Heading into the 2016 general election, Colorado could be the weirdest, least predictable swing state of all.
If things go as experts predict, Colorado and six other purple states will choose the president. Florida, Ohio, Virginia, Nevada, Iowa and New Hampshire are up for grabs in the event the two major parties nominate viable candidates who don’t implode.
For the consultant class, Colorado represents a chaotic mess with no clear common agendas. In the past two years, the state has become home to more than 300,000 new residents. Newbies in just the past 12 months outnumber the population of Boulder. No one knows how they vote or what they want.
The migrants are disproportionately young professionals attracted by ski slopes, scenery, climate, microbrew and, yes, recreational pot. The bulk of their adult years lie ahead, meaning they probably care about investments in roads, mass transit, education, public safety and economic development.
Colorado remains technically purple, especially after Republicans defeated a Democratic senator in 2014 and replaced him with Republican Sen. Cory Gardner. A likable man with a perma-smile, Gardner was as close to perfect as candidates get. He had no primary opponent and no history of personal or professional scandals. Incumbent Democrat Mark Udall and handlers blessed Republicans by running an abysmally odd campaign that focused almost entirely on abortion rights. Udall appeared exhausted.
For the Republican presidential nominee to win Colorado, he or she may need the draw of a second winning Republican senatorial nominee. It is not an impossible goal, but it won’t be easy.
Despite having every advantage, Gardner barely won in 2014. This time, Republicans have a crowded field seeking the nomination. The battle among potential nominees is destined to get ugly. U.S. Sen. Michael Bennet, D-Colo., won’t repeat the mistakes that took down Udall.
Colorado’s proposal for socialized, single-payer health care presents another complicating factor in the 2016 election. It has little chance of passing, but should motivate participation of special interest voters who might otherwise stay home. They won’t be Republicans.
Advocates of the socialized health care plan will call attention to Colorado’s broken Obamacare exchange — largely the work of a once-ranking Republican. It was dubbed “Amycare” after then-House Republican Majority Leader Amy Stephens pushed it through the Legislature. Regulators recently closed a major Amycare insurance provider, Colorado HealthOP. The failure left 83,000 Coloradans without insurance and state taxpayers holding the bag for $72 million in federal loans.
Meanwhile, Democratic Gov. John Hickenlooper enters 2016 with a state unemployment rate of 3.6 percent — 1.4 percent lower than the national average.
For Republicans, there are at least two important glimmers of hope. Pundits, polls and consultants indicate Bennet may be the most vulnerable Senate Democrat. His support for President Barack Obama’s Iranian nuclear deal contradicted public sentiment. The Denver magazine 5280 observed ‘The senator can be so under the radar, in fact, that he verges on being anonymous and can move around Colorado mostly unnoticed.” He appears more loyal to Obama than the voters who elected him.
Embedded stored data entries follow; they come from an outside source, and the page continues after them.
lemma closedin_colim_top:
  "closedin (colim_top C F Fm) S \<longleftrightarrow> S \<subseteq> colim_set C F Fm \<and>
     (\<forall>i\<in>Obj C. closedin (F i) {x \<in> topspace (F i). colim_inj C F Fm i x \<in> S})"
proof -
  have "{x \<in> topspace (F i). colim_inj C F Fm i x \<in> colim_set C F Fm - S}
      = topspace (F i) - {x \<in> topspace (F i). colim_inj C F Fm i x \<in> S}" if "i \<in> Obj C" for i
    using that by (auto simp: colim_inj_in_colim_set)
  then show ?thesis
    unfolding closedin_def topspace_colim_top openin_colim_top by auto
qed

lemma equiv_colim_rel: "equiv UNIV (colim_rel C F Fm)"
  unfolding colim_rel_def equiv_def
  by (simp add: refl_rtrancl sym_rtrancl sym_Un_converse trans_rtrancl)

lemma nat_trans_in_topspace:
  "nat_trans C F Fm G Gm \<alpha> \<Longrightarrow> i \<in> Obj C \<Longrightarrow> x \<in> topspace (F i) \<Longrightarrow> \<alpha> i x \<in> topspace (G i)"
  unfolding nat_trans_def by (meson continuous_map_image_subset_topspace image_subset_iff)

lemma colim_gen_nat_trans:
  assumes "is_category C" and "nat_trans C F Fm G Gm \<alpha>"
    and "((i, x), (j, y)) \<in> colim_gen C F Fm"
  shows "((i, \<alpha> i x), (j, \<alpha> j y)) \<in> colim_gen C G Gm"
proof -
  obtain f where f: "f \<in> Arr C" "x \<in> topspace (F (Dom C f))"
    and ij: "i = Dom C f" "j = Cod C f" and y: "y = Fm f x"
    using assms(3) by (auto simp: colim_gen_def)
  have "Dom C f \<in> Obj C"
    using assms(1) f(1) by (simp add: is_category_def)
  then have "\<alpha> (Dom C f) x \<in> topspace (G (Dom C f))"
    using nat_trans_in_topspace[OF assms(2)] f(2) by blast
  moreover have "\<alpha> (Cod C f) (Fm f x) = Gm f (\<alpha> (Dom C f) x)"
    using assms(2) f by (simp add: nat_trans_def)
  ultimately show ?thesis
    unfolding colim_gen_def ij y using f(1) by blast
qed

lemma colim_rel_nat_trans:
  assumes "is_category C" and "nat_trans C F Fm G Gm \<alpha>"
    and "((i, x), (j, y)) \<in> colim_rel C F Fm"
  shows "((i, \<alpha> i x), (j, \<alpha> j y)) \<in> colim_rel C G Gm"
  using assms(3) unfolding colim_rel_def
proof (induction rule: rtrancl_induct2)
  case refl
  show ?case by simp
next
  case (step j y k z)
  then have "((j, \<alpha> j y), (k, \<alpha> k z)) \<in> colim_gen C G Gm \<union> (colim_gen C G Gm)\<inverse>"
    using colim_gen_nat_trans[OF assms(1,2)] by blast
  with step.IH show ?case by (rule rtrancl_into_rtrancl)
qed
lemma linear_extension_of_linear_extension_list:
  assumes "linear_extension_list P le xs"
  shows "\<exists>g. linear_extension P le g \<and> map (the_inv_into P g) [1..<card P + 1] = xs"
proof -
  have dist: "distinct xs" and set_xs: "set xs = P" and sorted: "sorted_wrt (\<lambda>x y. \<not> le y x) xs"
    using assms unfolding linear_extension_list_def by auto
  have card: "card P = length xs" using dist set_xs distinct_card by blast
  have bij_nth: "bij_betw ((!) xs) {..<length xs} P" using bij_betw_nth[OF dist refl set_xs[symmetric]] .
  define pos where "pos = the_inv_into {..<length xs} ((!) xs)"
  define g where "g = (\<lambda>x. Suc (pos x))"
  have pos_nth: "pos (xs ! i) = i" if "i < length xs" for i
    unfolding pos_def using that bij_nth by (simp add: bij_betw_def the_inv_into_f_f)
  have bij_g: "bij_betw g P {1..card P}"
  proof -
    have "bij_betw pos P {..<length xs}" unfolding pos_def by (rule bij_betw_the_inv_into[OF bij_nth])
    moreover have "bij_betw Suc {..<length xs} {1..length xs}"
      by (simp add: bij_betw_def image_Suc_lessThan)
    ultimately have "bij_betw (Suc \<circ> pos) P {1..length xs}" by (rule bij_betw_trans)
    then show ?thesis unfolding card by (simp add: g_def comp_def)
  qed
  moreover have "g x \<le> g y" if xy: "x \<in> P" "y \<in> P" "le x y" for x y
  proof -
    obtain i j where "i < length xs" "j < length xs" "x = xs ! i" "y = xs ! j"
      using xy(1,2) set_xs by (metis in_set_conv_nth)
    moreover have "\<not> j < i" using sorted_wrt_nth_less[OF sorted] xy(3) calculation by blast
    ultimately show ?thesis unfolding g_def using pos_nth by auto
  qed
  moreover have "map (the_inv_into P g) [1..<card P + 1] = xs"
  proof (rule nth_equalityI)
    fix i assume "i < length (map (the_inv_into P g) [1..<card P + 1])"
    then have i: "i < length xs" using card by (simp del: upt_Suc)
    have "g (xs ! i) = Suc i" unfolding g_def using pos_nth[OF i] by simp
    then have "the_inv_into P g (Suc i) = xs ! i"
      using bij_g i set_xs by (metis bij_betw_def nth_mem the_inv_into_f_f)
    then show "map (the_inv_into P g) [1..<card P + 1] ! i = xs ! i"
      using i card by (simp del: upt_Suc add: nth_upt)
  qed (simp del: upt_Suc add: card)
  ultimately show ?thesis unfolding linear_extension_def by blast
qed
(* Let $(\Lambda,m_\Lambda)$ be a separated set with multiplicity and finite height, and let $(\Gamma,m_\Gamma)\in W_{\mathbb{Z}}(\Lambda,m_\Lambda)$. Then $D^-(\Gamma,m_\Gamma)\ge D^-(\Lambda,m_\Lambda)$.
   Context: A set with multiplicity is a pair $(\Lambda,m_\Lambda)$, $\Lambda\subseteq\mathbb{R}$, $m_\Lambda:\Lambda\to\mathbb{N}$; height $N=\sup m_\Lambda$; separated means $\inf\{|\lambda-\lambda'|:\lambda\ne\lambda'\}>0$. Let $\Lambda^j=\{\lambda:m_\Lambda(\lambda)\ge j\}$, $j=1,\dots,N$. A sequence of sets $\Lambda_n$ converges weakly to $\Lambda'$ if for every bounded open interval $(a,b)$ and $\varepsilon>0$, for all large $n$: $\Lambda_n\cap(a,b)\subseteq\Lambda'+(-\varepsilon,\varepsilon)$ and $\Lambda'\cap(a,b)\subseteq\Lambda_n+(-\varepsilon,\varepsilon)$. $(\Gamma,m_\Gamma)\in W_{\mathbb{Z}}(\Lambda,m_\Lambda)$ means: there are sets $\Gamma^1,\dots,\Gamma^N$ and a sequence $(k_n)\subseteq\mathbb{Z}$ such that $\Lambda^j+k_n$ converges weakly to $\Gamma^j$ for every $j$, and $\Gamma:=\Gamma^1$, $m_\Gamma(\gamma):=\max\{j:\gamma\in\Gamma^j\}$. $D^-(\Lambda,m_\Lambda)=\liminf_{r\to\infty}\inf_{x\in\mathbb{R}}\frac{1}{2r}\sum_{\lambda\in\Lambda\cap[x-r,x+r]}m_\Lambda(\lambda)$. *)

theory Defs
  imports "HOL-Analysis.Analysis"
begin

definition mult_set :: "real set \<Rightarrow> (real \<Rightarrow> nat) \<Rightarrow> bool" where
  "mult_set L m \<longleftrightarrow> (\<forall>l\<in>L. 1 \<le> m l)"

definition separated :: "real set \<Rightarrow> bool" where
  "separated L \<longleftrightarrow> (\<exists>\<delta>>0. \<forall>l\<in>L. \<forall>l'\<in>L. l \<noteq> l' \<longrightarrow> \<delta> \<le> \<bar>l - l'\<bar>)"

definition finite_height :: "real set \<Rightarrow> (real \<Rightarrow> nat) \<Rightarrow> bool" where
  "finite_height L m \<longleftrightarrow> bdd_above (m ` L)"

definition level :: "real set \<Rightarrow> (real \<Rightarrow> nat) \<Rightarrow> nat \<Rightarrow> real set" where
  "level L m j = {l \<in> L. j \<le> m l}"

definition weak_conv :: "(nat \<Rightarrow> real set) \<Rightarrow> real set \<Rightarrow> bool" where
  "weak_conv Ls L' \<longleftrightarrow>
     (\<forall>a b \<epsilon>. \<epsilon> > 0 \<longrightarrow>
        (\<forall>\<^sub>F n in sequentially.
           (\<forall>x \<in> Ls n \<inter> {a<..<b}. \<exists>y\<in>L'. \<bar>x - y\<bar> < \<epsilon>) \<and>
           (\<forall>y \<in> L' \<inter> {a<..<b}. \<exists>x\<in>Ls n. \<bar>x - y\<bar> < \<epsilon>)))"

definition W_Z :: "real set \<Rightarrow> (real \<Rightarrow> nat) \<Rightarrow> (real set \<times> (real \<Rightarrow> nat)) set" where
  "W_Z L m = {(G, mG). \<exists>Gs :: nat \<Rightarrow> real set. \<exists>k :: nat \<Rightarrow> int.
      (\<forall>j\<ge>1. weak_conv (\<lambda>n. (\<lambda>l. l + real_of_int (k n)) ` level L m j) (Gs j)) \<and>
      G = Gs 1 \<and>
      (\<forall>g\<in>G. mG g = Max {j. 1 \<le> j \<and> g \<in> Gs j})}"

definition lower_density :: "real set \<Rightarrow> (real \<Rightarrow> nat) \<Rightarrow> ereal" where
  "lower_density L m = Liminf at_top (\<lambda>r::real.
      INF x::real. ereal ((\<Sum>l\<in>L \<inter> {x - r..x + r}. real (m l)) / (2 * r)))"

end

theory Submission
  imports Defs
begin

text \<open>Let \<open>\<Lambda>\<close> be \<open>\<delta>\<close>-separated and put \<open>\<epsilon> = \<delta> / 2\<close>. Weak limits of \<open>\<delta>\<close>-separated sets are
\<open>\<delta>\<close>-separated, hence closed, so every limit level \<open>\<Gamma>\<^sup>j\<close> lies in \<open>\<Gamma> = \<Gamma>\<^sup>1\<close>, and
\<open>\<Gamma>\<^sup>j = {}\<close> above the height of \<open>\<Lambda>\<close>. Given a window \<open>[x - r, x + r]\<close>, for large \<open>n\<close> each
point of \<open>\<Lambda>\<^sup>j + k\<^sub>n\<close> in the shrunken window \<open>[x - r + \<epsilon>, x + r - \<epsilon>]\<close> is \<open>\<epsilon>\<close>-close to a
point of \<open>\<Gamma>\<^sup>j\<close> in \<open>[x - r, x + r]\<close>, and separation makes this assignment injective.
Summing over the levels, the weighted count of \<open>\<Lambda>\<close> in some window of radius \<open>r - \<epsilon>\<close> is at
most that of \<open>\<Gamma>\<close> in the given window of radius \<open>r\<close>; as \<open>(r - \<epsilon>) / r \<rightarrow> 1\<close>, the lower
densities compare.\<close>

definition separated_by :: "real \<Rightarrow> real set \<Rightarrow> bool" where
  "separated_by \<delta> S \<longleftrightarrow> (\<forall>x\<in>S. \<forall>y\<in>S. x \<noteq> y \<longrightarrow> \<delta> \<le> \<bar>x - y\<bar>)"

lemma separated_iff_separated_by: "separated S \<longleftrightarrow> (\<exists>\<delta>>0. separated_by \<delta> S)"
  by (simp add: separated_def separated_by_def)

lemma separated_by_subset: "separated_by \<delta> S \<Longrightarrow> T \<subseteq> S \<Longrightarrow> separated_by \<delta> T"
  unfolding separated_by_def by blast

lemma separated_by_translate [simp]:
  "separated_by \<delta> ((\<lambda>x. x + c) ` S) \<longleftrightarrow> separated_by \<delta> S"
  unfolding separated_by_def by auto

lemma separated_by_closed: "\<delta> > 0 \<Longrightarrow> separated_by \<delta> S \<Longrightarrow> closed S"
  by (rule discrete_imp_closed[of \<delta>]) (auto simp: separated_by_def dist_real_def, meson not_le)

lemma separated_by_finite_Int_atLeastAtMost:
  assumes "\<delta> > 0" and "separated_by \<delta> S"
  shows "finite (S \<inter> {a..b})"
proof -
  have "inj_on (\<lambda>x. \<lfloor>x / \<delta>\<rfloor>) (S \<inter> {a..b})"
  proof (rule inj_onI)
    fix x y assume "x \<in> S \<inter> {a..b}" "y \<in> S \<inter> {a..b}" and "\<lfloor>x / \<delta>\<rfloor> = \<lfloor>y / \<delta>\<rfloor>"
    moreover from \<open>\<lfloor>x / \<delta>\<rfloor> = \<lfloor>y / \<delta>\<rfloor>\<close> have "\<bar>x / \<delta> - y / \<delta>\<bar> < 1" by linarith
    then have "\<bar>x - y\<bar> < \<delta>"
      using assms(1) by (simp add: diff_divide_distrib[symmetric] divide_less_eq)
    ultimately show "x = y" using assms(2) unfolding separated_by_def by force
  qed
  moreover have "(\<lambda>x. \<lfloor>x / \<delta>\<rfloor>) ` (S \<inter> {a..b}) \<subseteq> {\<lfloor>a / \<delta>\<rfloor>..\<lfloor>b / \<delta>\<rfloor>}"
    using assms(1) by (auto intro!: floor_mono divide_right_mono)
  ultimately show ?thesis
    by (metis finite_atLeastAtMost_int finite_imageD finite_subset)
qed

lemma weak_convD:
  assumes "weak_conv Ls L'" and "\<epsilon> > 0"
  shows weak_convD_seq: "\<forall>\<^sub>F n in sequentially. \<forall>x \<in> Ls n \<inter> {a<..<b}. \<exists>y\<in>L'. \<bar>x - y\<bar> < \<epsilon>"
    and weak_convD_limit: "\<forall>\<^sub>F n in sequentially. \<forall>y \<in> L' \<inter> {a<..<b}. \<exists>x\<in>Ls n. \<bar>x - y\<bar> < \<epsilon>"
proof -
  from assms have "\<forall>\<^sub>F n in sequentially.
      (\<forall>x \<in> Ls n \<inter> {a<..<b}. \<exists>y\<in>L'. \<bar>x - y\<bar> < \<epsilon>) \<and> (\<forall>y \<in> L' \<inter> {a<..<b}. \<exists>x\<in>Ls n. \<bar>x - y\<bar> < \<epsilon>)"
    unfolding weak_conv_def by blast
  then show "\<forall>\<^sub>F n in sequentially. \<forall>x \<in> Ls n \<inter> {a<..<b}. \<exists>y\<in>L'. \<bar>x - y\<bar> < \<epsilon>"
    and "\<forall>\<^sub>F n in sequentially. \<forall>y \<in> L' \<inter> {a<..<b}. \<exists>x\<in>Ls n. \<bar>x - y\<bar> < \<epsilon>"
    by (auto elim: eventually_mono)
qed

lemma weak_conv_empty:
  assumes "weak_conv (\<lambda>n. {}) H"
  shows "H = {}"
proof (rule equals0I)
  fix y assume "y \<in> H"
  from assms have "\<forall>\<^sub>F n in sequentially. \<forall>y' \<in> H \<inter> {y - 1<..<y + 1}. \<exists>x\<in>{}. \<bar>x - y'\<bar> < 1"
    by (rule weak_convD_limit) simp
  then have "\<forall>y' \<in> H \<inter> {y - 1<..<y + 1}. \<exists>x\<in>{}. \<bar>x - y'\<bar> < (1::real)"
    by simp
  moreover have "y \<in> H \<inter> {y - 1<..<y + 1}" using \<open>y \<in> H\<close> by simp
  ultimately show False by blast
qed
While the socialized health care measure may draw special-interest voters on the left, it should generate national opposition funds that would benefit the right.
To win the White House, either party may need Colorado’s electoral votes. One-third of the state’s registered voters are Democrats and another third are Republicans. As usual, that third who reside on neither side will determine which candidates and ballot measures prevail. Parties and politicians will entice them only with legitimate plans to enhance economic security, public safety, transportation and education. In politics, purple means nonpartisan passion for ideas that make sense.
Let the games begin, and may the best ideas and candidates win in 2016.